[Collected data]
--- START ---
(* Let $\epsilon\in(0,1)$, $u_0\in\mathbb{R}$, $h>0$, and let $(u_n)_{n\ge0}$ be a sequence of real numbers starting at $u_0$ and satisfying the implicit midpoint scheme $$\frac{u_n-u_{n-1}}{h}+\frac{1}{\epsilon^2}f\!\left(\frac{u_n+u_{n-1}}{2}\right)=0,\qquad n\ge1,\quad f(u)=u^3-u.$$ (i) If $u_0\in\{0,1,-1\}$ and $h\le2\epsilon^2$, then $u_n=\mathrm{sign}(u_0)$ for all $n\ge1$. (ii) If $u_0\notin\{0,1,-1\}$, define $h^*=h^*(u_0,\epsilon)=\frac{8\epsilon^2}{u_0^2+4|u_0|+3}$ if $|u_0|>1$ and $h^*=\epsilon^2$ if $0<|u_0|<1$. Then $h^*>0$ and for every $h\in(0,h^*]$ the sequence $(u_n)$ is monotone and converges to $\mathrm{sign}(u_0)$ as $n\to\infty$.
   Context: The scheme discretizes the ODE $u'(t)+\frac{1}{\epsilon^2}(u^3-u)=0$, $u(0)=u_0$. For $h\le2\epsilon^2$ each step equation has a unique real solution. Here $\mathrm{sign}(0)=0$. *)

theory Defs
  imports "HOL-Analysis.Analysis"
begin

definition f_AC :: "real \<Rightarrow> real" where
  "f_AC u = u ^ 3 - u"

definition midpoint_scheme :: "real \<Rightarrow> real \<Rightarrow> (nat \<Rightarrow> real) \<Rightarrow> bool" where
  "midpoint_scheme \<epsilon> h u \<longleftrightarrow>
     (\<forall>n\<ge>1. (u n - u (n - 1)) / h + (1 / \<epsilon>^2) * f_AC ((u n + u (n - 1)) / 2) = 0)"

definition h_star :: "real \<Rightarrow> real \<Rightarrow> real" where
  "h_star u0 \<epsilon> = (if \<bar>u0\<bar> > 1 then 8 * \<epsilon>^2 / (u0^2 + 4 * \<bar>u0\<bar> + 3) else \<epsilon>^2)"

end

theory Submission
  imports Defs
begin

(* With k = h / epsilon^2 and the midpoint m = (u(n-1) + u(n)) / 2, a step of the scheme reads
   2 m + k f(m) = 2 u(n-1).  For k <= 2 the left-hand side is strictly increasing in m.  Comparing
   it at m = u(n-1) shows that u(n) - u(n-1) has the sign of -f(u(n-1)); comparing it at
   m = (u(n-1) + 1) / 2 shows that u(n) < 1 iff (1 - u(n-1)) (8 - k (u(n-1) + 1) (u(n-1) + 3)) > 0.
   The bound h <= h* keeps the second factor nonnegative along the orbit, so an orbit starting in
   (0, 1) increases and one starting above 1 decreases, without crossing 1.  A bounded monotone
   orbit converges to a positive zero of f, i.e. to 1; negative initial values reduce to positive
   ones by the symmetry u -> -u. *)

lemma f_AC_minus: "f_AC (- x) = - f_AC x"
  by (simp add: f_AC_def)

lemma f_AC_eq_0_iff: "f_AC x = 0 \<longleftrightarrow> x \<in> {0, 1, -1}"
proof -
  have "f_AC x = x * (x - 1) * (x + 1)"
    by (simp add: f_AC_def algebra_simps power3_eq_cube)
  then show ?thesis by auto
qed

definition midpoint_step :: "real \<Rightarrow> real \<Rightarrow> real \<Rightarrow> bool" where
  "midpoint_step k a b \<longleftrightarrow> b - a + k * f_AC ((a + b) / 2) = 0"

definition midpoint_map :: "real \<Rightarrow> real \<Rightarrow> real" where
  "midpoint_map k m = 2 * m + k * f_AC m"

lemma midpoint_scheme_step:
  assumes "midpoint_scheme \<epsilon> h u" "h \<noteq> 0"
  shows "midpoint_step (h / \<epsilon>^2) (u n) (u (Suc n))"
proof -
  have "(u (Suc n) - u n) / h + (1 / \<epsilon>^2) * f_AC ((u (Suc n) + u n) / 2) = 0"
    using assms(1) unfolding midpoint_scheme_def by (metis diff_Suc_1 le_add1 plus_1_eq_Suc)
  then have "h * ((u (Suc n) - u n) / h + (1 / \<epsilon>^2) * f_AC ((u n + u (Suc n)) / 2)) = 0"
    by (simp add: add.commute)
  then show ?thesis
    using assms(2) by (simp add: midpoint_step_def distrib_left)
qed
--- END ---
→ About this task: In how many lines of the data above does the word "that" occur? Only the number is wanted.

→ Expected output: 2